What needs to be done:
Each line of the data that includes "assumes" must be copied.

Stored dataset items
○ ○ ○ ○

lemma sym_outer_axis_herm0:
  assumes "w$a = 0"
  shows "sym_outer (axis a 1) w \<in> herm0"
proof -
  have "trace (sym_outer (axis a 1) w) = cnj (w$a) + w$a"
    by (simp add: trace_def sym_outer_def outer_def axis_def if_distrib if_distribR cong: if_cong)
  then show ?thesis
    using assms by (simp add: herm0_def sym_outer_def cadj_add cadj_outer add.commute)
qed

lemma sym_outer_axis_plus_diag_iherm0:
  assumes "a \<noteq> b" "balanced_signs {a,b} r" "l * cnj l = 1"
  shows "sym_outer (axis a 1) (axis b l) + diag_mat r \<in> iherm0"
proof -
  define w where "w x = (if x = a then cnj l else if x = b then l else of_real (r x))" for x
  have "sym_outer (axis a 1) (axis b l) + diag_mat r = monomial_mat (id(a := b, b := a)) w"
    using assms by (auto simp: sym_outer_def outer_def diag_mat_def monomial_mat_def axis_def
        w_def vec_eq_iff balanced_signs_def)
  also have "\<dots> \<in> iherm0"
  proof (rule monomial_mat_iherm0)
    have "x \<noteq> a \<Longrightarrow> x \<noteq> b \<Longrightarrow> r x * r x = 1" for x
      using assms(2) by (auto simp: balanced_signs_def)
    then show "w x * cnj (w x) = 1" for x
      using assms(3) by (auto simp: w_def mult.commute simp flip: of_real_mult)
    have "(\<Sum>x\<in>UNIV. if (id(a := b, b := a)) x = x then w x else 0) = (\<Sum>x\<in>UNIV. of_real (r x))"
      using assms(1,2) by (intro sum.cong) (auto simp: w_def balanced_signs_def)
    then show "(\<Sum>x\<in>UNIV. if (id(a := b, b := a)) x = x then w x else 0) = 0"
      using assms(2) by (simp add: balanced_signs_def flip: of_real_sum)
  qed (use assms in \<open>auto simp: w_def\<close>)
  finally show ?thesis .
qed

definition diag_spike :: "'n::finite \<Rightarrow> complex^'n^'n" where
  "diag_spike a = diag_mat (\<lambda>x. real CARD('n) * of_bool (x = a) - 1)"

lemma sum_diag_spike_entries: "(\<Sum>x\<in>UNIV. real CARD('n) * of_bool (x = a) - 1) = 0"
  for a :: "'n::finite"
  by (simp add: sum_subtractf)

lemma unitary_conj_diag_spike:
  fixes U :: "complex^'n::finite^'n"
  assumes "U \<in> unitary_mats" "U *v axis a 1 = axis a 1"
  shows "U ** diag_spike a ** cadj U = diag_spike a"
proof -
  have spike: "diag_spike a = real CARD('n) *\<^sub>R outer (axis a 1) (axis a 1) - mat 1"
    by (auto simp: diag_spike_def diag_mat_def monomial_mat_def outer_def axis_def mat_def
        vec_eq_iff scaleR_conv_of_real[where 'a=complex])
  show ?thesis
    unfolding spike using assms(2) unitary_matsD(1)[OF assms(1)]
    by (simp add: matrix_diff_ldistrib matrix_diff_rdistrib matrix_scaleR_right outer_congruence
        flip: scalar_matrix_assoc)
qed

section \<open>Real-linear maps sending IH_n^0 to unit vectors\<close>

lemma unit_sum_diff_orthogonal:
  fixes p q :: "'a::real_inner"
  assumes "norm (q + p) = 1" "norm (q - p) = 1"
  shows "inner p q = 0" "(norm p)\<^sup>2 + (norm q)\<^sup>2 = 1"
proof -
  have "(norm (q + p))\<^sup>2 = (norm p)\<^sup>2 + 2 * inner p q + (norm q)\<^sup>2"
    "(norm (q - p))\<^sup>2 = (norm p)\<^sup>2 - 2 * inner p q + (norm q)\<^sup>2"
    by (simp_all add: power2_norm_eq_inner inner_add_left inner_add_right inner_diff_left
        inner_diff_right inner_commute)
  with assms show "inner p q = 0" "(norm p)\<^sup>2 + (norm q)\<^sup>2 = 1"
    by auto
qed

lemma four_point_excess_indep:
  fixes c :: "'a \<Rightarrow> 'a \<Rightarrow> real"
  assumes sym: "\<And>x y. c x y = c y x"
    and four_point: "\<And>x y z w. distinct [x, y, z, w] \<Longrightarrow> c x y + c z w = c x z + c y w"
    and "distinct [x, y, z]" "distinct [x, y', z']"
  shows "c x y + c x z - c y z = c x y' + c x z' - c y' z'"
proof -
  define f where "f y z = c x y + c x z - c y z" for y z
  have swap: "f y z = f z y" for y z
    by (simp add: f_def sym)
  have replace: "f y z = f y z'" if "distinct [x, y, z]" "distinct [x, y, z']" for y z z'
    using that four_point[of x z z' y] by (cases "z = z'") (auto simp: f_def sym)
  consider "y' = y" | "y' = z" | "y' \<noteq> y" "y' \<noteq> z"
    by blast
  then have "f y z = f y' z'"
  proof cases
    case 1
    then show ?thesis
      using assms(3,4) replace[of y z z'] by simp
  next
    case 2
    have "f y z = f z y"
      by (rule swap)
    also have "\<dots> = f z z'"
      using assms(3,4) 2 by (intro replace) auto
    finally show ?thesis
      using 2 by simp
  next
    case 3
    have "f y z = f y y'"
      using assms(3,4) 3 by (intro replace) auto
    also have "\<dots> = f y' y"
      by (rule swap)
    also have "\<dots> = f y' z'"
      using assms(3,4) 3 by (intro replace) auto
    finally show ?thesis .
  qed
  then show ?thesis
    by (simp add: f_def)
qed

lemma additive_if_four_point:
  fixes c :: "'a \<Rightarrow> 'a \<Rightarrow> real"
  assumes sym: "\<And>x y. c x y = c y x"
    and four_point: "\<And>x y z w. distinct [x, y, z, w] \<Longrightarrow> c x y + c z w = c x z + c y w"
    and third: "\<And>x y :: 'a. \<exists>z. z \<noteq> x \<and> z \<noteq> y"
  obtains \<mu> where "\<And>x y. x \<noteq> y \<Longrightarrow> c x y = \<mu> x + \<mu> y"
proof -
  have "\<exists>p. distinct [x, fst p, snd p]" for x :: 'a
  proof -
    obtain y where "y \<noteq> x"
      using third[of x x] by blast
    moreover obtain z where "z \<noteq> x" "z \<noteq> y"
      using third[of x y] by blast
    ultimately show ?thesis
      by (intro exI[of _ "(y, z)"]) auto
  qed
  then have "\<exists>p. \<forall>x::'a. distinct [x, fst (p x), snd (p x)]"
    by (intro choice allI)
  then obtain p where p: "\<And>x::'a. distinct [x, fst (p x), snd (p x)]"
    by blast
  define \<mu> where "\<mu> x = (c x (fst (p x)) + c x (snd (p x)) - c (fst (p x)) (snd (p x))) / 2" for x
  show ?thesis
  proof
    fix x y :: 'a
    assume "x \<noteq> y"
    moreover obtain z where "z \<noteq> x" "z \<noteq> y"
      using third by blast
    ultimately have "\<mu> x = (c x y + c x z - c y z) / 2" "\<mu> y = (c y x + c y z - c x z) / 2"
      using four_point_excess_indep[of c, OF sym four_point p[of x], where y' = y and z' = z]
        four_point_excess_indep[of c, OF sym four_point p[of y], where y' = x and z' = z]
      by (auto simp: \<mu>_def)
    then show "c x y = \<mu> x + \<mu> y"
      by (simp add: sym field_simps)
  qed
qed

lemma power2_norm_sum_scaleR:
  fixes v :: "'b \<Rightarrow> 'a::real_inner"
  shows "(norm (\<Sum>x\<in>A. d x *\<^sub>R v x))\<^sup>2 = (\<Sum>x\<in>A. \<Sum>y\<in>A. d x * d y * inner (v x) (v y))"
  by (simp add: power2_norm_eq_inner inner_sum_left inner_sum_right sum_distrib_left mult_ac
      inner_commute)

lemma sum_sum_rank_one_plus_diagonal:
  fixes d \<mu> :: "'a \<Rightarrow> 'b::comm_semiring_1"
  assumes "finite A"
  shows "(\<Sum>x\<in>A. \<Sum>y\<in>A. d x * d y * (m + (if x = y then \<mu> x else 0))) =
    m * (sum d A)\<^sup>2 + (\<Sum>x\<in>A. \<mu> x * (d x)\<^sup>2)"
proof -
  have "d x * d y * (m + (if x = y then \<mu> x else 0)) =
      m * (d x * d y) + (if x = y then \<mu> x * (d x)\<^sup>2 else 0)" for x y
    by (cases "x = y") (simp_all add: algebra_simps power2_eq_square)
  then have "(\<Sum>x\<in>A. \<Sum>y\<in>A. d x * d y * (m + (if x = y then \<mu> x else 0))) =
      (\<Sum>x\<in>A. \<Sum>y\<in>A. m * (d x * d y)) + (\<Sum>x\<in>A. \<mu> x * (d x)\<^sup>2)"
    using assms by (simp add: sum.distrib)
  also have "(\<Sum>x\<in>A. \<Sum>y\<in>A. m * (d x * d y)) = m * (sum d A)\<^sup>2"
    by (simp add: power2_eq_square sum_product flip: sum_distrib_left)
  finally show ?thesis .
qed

○ ○ ○ ○

Exercise solution:
  assumes "w$a = 0"
  assumes "a \<noteq> b" "balanced_signs {a,b} r" "l * cnj l = 1"
  assumes "U \<in> unitary_mats" "U *v axis a 1 = axis a 1"
  assumes "norm (q + p) = 1" "norm (q - p) = 1"
  assumes sym: "\<And>x y. c x y = c y x"
  assumes sym: "\<And>x y. c x y = c y x"
  assumes "finite A"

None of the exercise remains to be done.